The expert estimates that in 2021, there were $44 billion of announced deals in the Kingdom, compared to $75 billion for the whole of the Middel East and North Africa region including Saudi Arabia.

The largest announced transactions this year were the acquisition of 49 percent stake in Aramco’s Oil Pipeline Co by a consortium led by EIG Global Energy; the acquisition of an Aramco portfolio of gas assets by US-based Air Products and ACWA Power, and the acquisition of a 50 percent stake in Saudi National Petrochemical Company by the Saudi Industrial Investment Group, according to Aoun.

The Saudi British Bank, the HSBC Holdings affiliate, also completed its merger with Alawwal Bank. The year also saw the merger of National Commercial Bank and Samba Financial Group under the name of Saudi National Bank. SNB will be accounting for a market share of 25 percent, with a combined equity of SR120 billion ($31.96 billion)

Other than those large deals in the energy and materials sectors, there have been notable mid-cap deal activity including the sales of Naturepack Beverage Packaging to Norway-based Elopak; HSBC’s asset management business to Alawwal Invest; Saudi Enaya Cooperative to Amana cooperative, and; Fourth Milling Co. to a consortium of Saudi strategic Agri investors.
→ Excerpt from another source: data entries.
(* Let $n\ge1$ and $\theta=[p](\tau_1,\dots,\tau_p)\in\Theta_n$. There is an isomorphism of $\Theta_n$-sets $\mathcal J(\theta)\cong\mathcal J'(\theta)$.
   Context: $\Theta_n=\Delta\wr\Theta_{n-1}$ ($\Theta_0$ terminal; $\Delta\wr\mathcal C$ has objects $[p](x_1,\dots,x_p)$ and morphisms given by $f:[p]\to[q]$ in $\Delta$ and morphisms $x_i\to y_j$ for $f(i-1)<j\le f(i)$); $\Theta_n$ is a full subcategory of strict $n$-categories, $N_n$ its nerve. We write $\theta$ also for the representable $\Theta_n[\theta]$. Let $I=[1]([0])$ (the representable $1$-globe) and $J=N_n(J_1)$, the nerve of the free groupoid on one arrow $0\to1$; the inclusion $I\to J$ picks the arrow $0\to1$. $\mathcal J(\theta):=\theta\times I\sqcup_{\theta_0\times I}\theta_0\times J$, where $\theta_0$ is the constant presheaf on the set $\Theta_n[\theta]_{[0]}$ of objects of $\theta$, mapped into $\theta$ in the evident (monomorphic) way. For $0\le i\le p$ let $\theta^i=[p+1](\tau_1,\dots,\tau_i,[0],\tau_{i+1},\dots,\tau_p)$; let $\alpha^i:\theta\to\theta^i$ ($0\le i\le p-1$) have underlying map skipping $i+1$, and $\beta^i:\theta\to\theta^i$ ($1\le i\le p$) underlying map skipping $i$, with identity components on the $\tau_j$ and the unique maps to $[0]$ on the inserted position. Let $\theta^i_J$ be the pushout of $\theta^i\leftarrow I\to J$, where $I\to\theta^i$ is the map with underlying $[1]\to[p+1]$, $0\mapsto i$, $1\mapsto i+1$, and $\varphi^i:\theta^i\to\theta^i_J$ the induced map. $\mathcal J'(\theta)$ is the colimit of the diagram $\theta^0_J\xleftarrow{\varphi^0\alpha^0}\theta\xrightarrow{\varphi^1\beta^1}\theta^1_J\xleftarrow{\varphi^1\alpha^1}\theta\to\cdots\xleftarrow{\varphi^{p-1}\alpha^{p-1}}\theta\xrightarrow{\varphi^p\beta^p}\theta^p_J$. *)

theory Defs
  imports Main "HOL-Library.FuncSet"
begin

section \<open>The category Theta_n, concretely (iterated wreath product with Delta)\<close>

text \<open>Objects: an object [p](t_1,...,t_p) is the tree T [t_1,...,t_p]; [0] is T [].\<close>
datatype tree = T "tree list"

text \<open>Theta_0 is terminal (only T []); Theta_(n+1) = Delta wr Theta_n.\<close>
fun obj :: "nat \<Rightarrow> tree \<Rightarrow> bool" where
  "obj 0 (T ts) = (ts = [])"
| "obj (Suc n) (T ts) = (\<forall>t\<in>set ts. obj n t)"

text \<open>Morphisms: H f cs, where f = [f(0),...,f(p)] is the underlying map [p] -> [q]
  of Delta and cs ! i (0-based component i, i.e. the paper's component i+1) lists the
  morphisms x_(i+1) -> y_j for f(i) < j <= f(i+1), in increasing order of j.\<close>
datatype hom = H "nat list" "hom list list"

inductive ishom :: "tree \<Rightarrow> tree \<Rightarrow> hom \<Rightarrow> bool" where
  "\<lbrakk> length f = Suc (length xs); \<forall>k<length f. f ! k \<le> length ys; sorted f;
     length cs = length xs;
     \<forall>i<length xs. length (cs ! i) = f ! Suc i - f ! i \<and>
        (\<forall>k<length (cs ! i). ishom (xs ! i) (ys ! (f ! i + k)) (cs ! i ! k)) \<rbrakk>
   \<Longrightarrow> ishom (T xs) (T ys) (H f cs)"

text \<open>Composition: comp m2 m1 is m2 \<circ> m1 (first m1, then m2).\<close>
lemma size_mem_hom_list: "c \<in> set (l :: hom list) \<Longrightarrow> size c < size_list size l"
  by (induction l) auto

function comp :: "hom \<Rightarrow> hom \<Rightarrow> hom" where
  "comp (H g ds) (H f cs) =
     H (map (\<lambda>k. g ! k) f)
       (map (\<lambda>i. concat (map (\<lambda>k. map (\<lambda>d. comp d (cs ! i ! k)) (ds ! (f ! i + k)))
                              [0..<length (cs ! i)]))
            [0..<length cs])"
  by pat_completeness auto
termination
proof (relation "measure (\<lambda>(a, b). size b)")
  show "wf (measure (\<lambda>(a, b). size b))" by simp
next
  fix g ds f and cs :: "hom list list" and i k and d :: hom
  assume i: "i \<in> set [0..<length cs]" and k: "k \<in> set [0..<length (cs ! i)]"
  have a1: "cs ! i \<in> set cs" using i by simp
  have a2: "cs ! i ! k \<in> set (cs ! i)" using k by simp
  have "size (cs ! i ! k) < size_list size (cs ! i)" using a2 by (rule size_mem_hom_list)
  also have "size_list size (cs ! i) \<le> size_list (size_list size) cs"
    using a1 by (simp add: size_list_estimation')
  finally have "size (cs ! i ! k) < size (H f cs)" by simp
  then show "((d, cs ! i ! k), H g ds, H f cs) \<in> measure (\<lambda>(a, b). size b)" by simp
qed

fun idh :: "tree \<Rightarrow> hom" where
  "idh (T xs) = H [0..<Suc (length xs)] (map (\<lambda>x. [idh x]) xs)"

fun bang :: "tree \<Rightarrow> hom" where
  "bang (T xs) = H (replicate (Suc (length xs)) 0) (replicate (length xs) [])"

section \<open>Theta_n-sets (presheaves), given by carriers and actions\<close>

text \<open>A presheaf X: carrier fst X s, and snd X s t m : X(t) -> X(s) for m : s -> t.\<close>
type_synonym 'a psh = "(tree \<Rightarrow> 'a set) \<times> (tree \<Rightarrow> tree \<Rightarrow> hom \<Rightarrow> 'a \<Rightarrow> 'a)"

definition psh_iso :: "nat \<Rightarrow> 'a psh \<Rightarrow> 'b psh \<Rightarrow> bool" where
  "psh_iso n X Y = (\<exists>\<eta>. (\<forall>s. obj n s \<longrightarrow> bij_betw (\<eta> s) (fst X s) (fst Y s)) \<and>
     (\<forall>s t m x. obj n s \<and> obj n t \<and> ishom s t m \<and> x \<in> fst X t \<longrightarrow>
        \<eta> s (snd X s t m x) = snd Y s t m (\<eta> t x)))"

definition rep :: "tree \<Rightarrow> hom psh" where
  "rep \<theta> = (\<lambda>s. {m. ishom s \<theta> m}, \<lambda>s t m x. comp x m)"

definition obs :: "tree \<Rightarrow> hom set" where
  "obs \<theta> = {m. ishom (T []) \<theta> m}"

definition prod_psh :: "'a psh \<Rightarrow> 'b psh \<Rightarrow> ('a \<times> 'b) psh" where
  "prod_psh X Y = (\<lambda>s. fst X s \<times> fst Y s, \<lambda>s t m (x, y). (snd X s t m x, snd Y s t m y))"

definition const_psh :: "'a set \<Rightarrow> 'a psh" where
  "const_psh S = (\<lambda>s. S, \<lambda>s t m x. x)"

definition qrel :: "(tree \<Rightarrow> ('a \<times> 'a) set) \<Rightarrow> tree \<Rightarrow> ('a \<times> 'a) set" where
  "qrel R s = (R s \<union> (R s)\<inverse>)\<^sup>*"

definition quot_psh :: "'a psh \<Rightarrow> (tree \<Rightarrow> ('a \<times> 'a) set) \<Rightarrow> 'a set psh" where
  "quot_psh X R = (\<lambda>s. fst X s // qrel R s,
                   \<lambda>s t m Q. qrel R s `` {snd X s t m (SOME x. x \<in> Q)})"

definition cls :: "'a set psh \<Rightarrow> tree \<Rightarrow> 'a \<Rightarrow> 'a set" where
  "cls P s y = (THE Q. Q \<in> fst P s \<and> y \<in> Q)"

definition sum_psh :: "'a psh \<Rightarrow> 'b psh \<Rightarrow> ('a + 'b) psh" where
  "sum_psh A B = (\<lambda>s. fst A s <+> fst B s,
     \<lambda>s t m. case_sum (\<lambda>a. Inl (snd A s t m a)) (\<lambda>b. Inr (snd B s t m b)))"

definition pushout :: "'a psh \<Rightarrow> 'b psh \<Rightarrow> 'c psh \<Rightarrow> (tree \<Rightarrow> 'c \<Rightarrow> 'a) \<Rightarrow>
    (tree \<Rightarrow> 'c \<Rightarrow> 'b) \<Rightarrow> ('a + 'b) set psh" where
  "pushout A B C f g = quot_psh (sum_psh A B)
     (\<lambda>s. {(Inl (f s c), Inr (g s c)) | c. c \<in> fst C s})"

section \<open>I, J and the map I -> J\<close>

definition Ic :: tree where "Ic = T [T []]"

definition Ipsh :: "hom psh" where "Ipsh = rep Ic"

text \<open>J = N_n(J_1). Since J_1 (the free groupoid on 0 -> 1, with only identity higher cells)
  has exactly one morphism between any two objects, an n-functor theta -> J_1 is the same as
  a map Ob(theta) -> {0,1}; we encode 0 as False and 1 as True.\<close>
definition Jpsh :: "(hom \<Rightarrow> bool) psh" where
  "Jpsh = (\<lambda>s. obs s \<rightarrow>\<^sub>E (UNIV :: bool set),
           \<lambda>s t m u. restrict (\<lambda>ob. u (comp m ob)) (obs s))"

text \<open>I -> J picks the arrow 0 -> 1: an s-cell x of I is sent to the functor
  Ob(s) -> {0,1} sending an object o to the object of [1] that x maps it to.\<close>
definition IJ :: "tree \<Rightarrow> hom \<Rightarrow> (hom \<Rightarrow> bool)" where
  "IJ s x = restrict (\<lambda>ob. comp x ob = H [1] []) (obs s)"

section \<open>The Theta_n-set J(theta)\<close>

definition Theta0 :: "tree \<Rightarrow> hom psh" where
  "Theta0 \<theta> = const_psh (obs \<theta>)"

definition JJ :: "tree \<Rightarrow> ((hom \<times> hom) + (hom \<times> (hom \<Rightarrow> bool))) set psh" where
  "JJ \<theta> = pushout (prod_psh (rep \<theta>) Ipsh) (prod_psh (Theta0 \<theta>) Jpsh)
                  (prod_psh (Theta0 \<theta>) Ipsh)
                  (\<lambda>s (ob, x). (comp ob (bang s), x)) (\<lambda>s (ob, x). (ob, IJ s x))"

section \<open>The Theta_n-set J'(theta)\<close>

definition children :: "tree \<Rightarrow> tree list" where
  "children \<theta> = (case \<theta> of T ts \<Rightarrow> ts)"

definition theta_i :: "tree \<Rightarrow> nat \<Rightarrow> tree" where
  "theta_i \<theta> i = T (take i (children \<theta>) @ [T []] @ drop i (children \<theta>))"

text \<open>The map theta -> theta^i whose underlying map skips sk, with identity components on
  the t_j and the unique map to the inserted [0] (at position i+1).\<close>
definition ins_map :: "tree \<Rightarrow> nat \<Rightarrow> nat \<Rightarrow> hom" where
  "ins_map \<theta> i sk =
    (let ts = children \<theta>; p = length ts; f = (\<lambda>k. if k < sk then k else Suc k) in
     H (map f [0..<Suc p])
       (map (\<lambda>k. map (\<lambda>j. if j = Suc i then bang (ts ! k) else idh (ts ! k))
                      [Suc (f k)..<Suc (f (Suc k))]) [0..<p]))"

definition alpha :: "tree \<Rightarrow> nat \<Rightarrow> hom" where
  "alpha \<theta> i = ins_map \<theta> i (Suc i)"

definition beta :: "tree \<Rightarrow> nat \<Rightarrow> hom" where
  "beta \<theta> i = ins_map \<theta> i i"

definition e_i :: "nat \<Rightarrow> hom" where
  "e_i i = H [i, Suc i] [[idh (T [])]]"

definition thJ :: "tree \<Rightarrow> nat \<Rightarrow> (hom + (hom \<Rightarrow> bool)) set psh" where
  "thJ \<theta> i = pushout (rep (theta_i \<theta> i)) Jpsh Ipsh (\<lambda>s x. comp (e_i i) x) IJ"

definition phi :: "tree \<Rightarrow> nat \<Rightarrow> tree \<Rightarrow> hom \<Rightarrow> (hom + (hom \<Rightarrow> bool)) set" where
  "phi \<theta> i s y = cls (thJ \<theta> i) s (Inl y)"

text \<open>Colimit of the zigzag
  theta^0_J <- theta -> theta^1_J <- theta -> ... <- theta -> theta^p_J:
  disjoint union of all vertices (the i-th middle copy of theta tagged (i, Inr _),
  0 <= i < p; theta^i_J tagged (i, Inl _)), modulo the generated equivalence.\<close>
definition Dzig :: "tree \<Rightarrow> (nat \<times> ((hom + (hom \<Rightarrow> bool)) set + hom)) psh" where
  "Dzig \<theta> = (\<lambda>s. {(i, Inl y) | i y. i \<le> length (children \<theta>) \<and> y \<in> fst (thJ \<theta> i) s}
                 \<union> {(i, Inr x) | i x. i < length (children \<theta>) \<and> x \<in> fst (rep \<theta>) s},
     \<lambda>s t m (i, z). (i, case z of Inl y \<Rightarrow> Inl (snd (thJ \<theta> i) s t m y)
                                | Inr x \<Rightarrow> Inr (snd (rep \<theta>) s t m x)))"

definition Rzig :: "tree \<Rightarrow> tree \<Rightarrow>
    ((nat \<times> ((hom + (hom \<Rightarrow> bool)) set + hom)) \<times> (nat \<times> ((hom + (hom \<Rightarrow> bool)) set + hom))) set" where
  "Rzig \<theta> s =
     {((i, Inr x), (i, Inl (phi \<theta> i s (comp (alpha \<theta> i) x)))) | i x.
        i < length (children \<theta>) \<and> x \<in> fst (rep \<theta>) s}
   \<union> {((i, Inr x), (Suc i, Inl (phi \<theta> (Suc i) s (comp (beta \<theta> (Suc i)) x)))) | i x.
        i < length (children \<theta>) \<and> x \<in> fst (rep \<theta>) s}"

definition JJ' :: "tree \<Rightarrow> (nat \<times> ((hom + (hom \<Rightarrow> bool)) set + hom)) set psh" where
  "JJ' \<theta> = quot_psh (Dzig \<theta>) (Rzig \<theta>)"

end

theory Submission
  imports Defs
begin

text \<open>
  Both \<J>(\<theta>) and \<J>'(\<theta>) map naturally to \<theta> \<times> J, and both maps are bijections onto the
  same sub-\<Theta>-set: the cells (x, u) for which x factors through an object of \<theta> or u comes
  from I. For \<J>(\<theta>) this is the usual description of a pushout along a monomorphism. For
  \<J>'(\<theta>), a cell z of \<theta>^i goes to (\<sigma>^i z, \<rho>^i z), where the codegeneracy \<sigma>^i : \<theta>^i \<rightarrow> \<theta>
  collapses the inserted vertex onto the vertex i and \<rho>^i : \<theta>^i \<rightarrow> I separates the vertices
  up to i from the others; a cell u of J goes to (the constant cell at i, u).
  Given x and u coming from I, the cells of \<theta>^i over (x, u) are lifts of x along \<sigma>^i, which
  exist exactly for the positions i separating the vertices sent to 1 by u from the others.
  These positions form an interval, and the lifts at adjacent positions i, i+1 are
  \<alpha>^i x and \<beta>^(i+1) x, which the zigzag identifies through the i-th middle copy of \<theta>.
  A cell of J at position c over a constant x is identified with the lift of x at c.
\<close>

section \<open>Lists of indices\<close>

lemma all_less_diff_iff:
  "(\<forall>l<b - a. P (a + l)) \<longleftrightarrow> (\<forall>j. a \<le> j \<longrightarrow> j < b \<longrightarrow> P (j::nat))"
  by (metis add.commute le_add1 le_add_diff_inverse2 less_diff_conv)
In education, King’s College Riyadh — an offshoot of the Dorset King’s College — became the first British boarding school to set up in Saudi Arabia. Additionally, Saudi Arabia’s Tourism Development Fund and London hospitality company Ennismore established a $400m fund to bring Ennismore’s lifestyle brands to the kingdom.

“Mega deals like the merger between Samba-NCB as well as PIF acquisition of Newcastle United take all the publicity, however, there are many private deals of all sizes that are taking place below the radar,” says Younes.

Without a doubt Vision 2030 is the main driver to the flurry of M&A activity in Saudi Arabia, says Younes.

“One of the core pillars of Vision 2030 is localization of know-how. We have therefore seen many sub-industries across the wider manufacturing spectrum benefit from governmental initiatives — chemicals & materials, pharmaceuticals, etc. Other main sectors that are expected to benefit from Vision 2030 are infrastructure — including telecom, education, tourism — including F&B, and healthcare where investment is needed in order to support the anticipated economic growth. Covid did have an impact of course, mainly during H1 2020, but as is the case globally, most sectors have recovered well in 2021,” adds Aoun.

M&A activity in Saudi Arabia is both inbound and cross-border, agree specialists.

One example is Saudi Arabian companies’ deals with their Omani counterparts worth $10 billion.

“Within Saudi, investors and family offices are reviewing their portfolios and divesting from non-core assets to redirect funds to expanding core assets,” says Younes, adding: “Cross-border is inbound and outbound where the key word is scaling in Saudi Arabia to capture the opportunities that are being presented as a result of Vision 2030.

“International investors are investing inbound to Saudi in order to benefit from the unprecedented growth, especially with the challenges that many are facing in their home countries: COVID, supply chain challenges, inflation, etc. Local investors who are investing outbound are investing in order to bring expertise and capabilities from abroad to Saudi Arabia.”

For Aoun, forecasts for M&A activity in the Kingdom are upbeat, driven by current oil price levels and the government’s continuous efforts to modernize the country and positioning Riyadh as the financial capital of the region.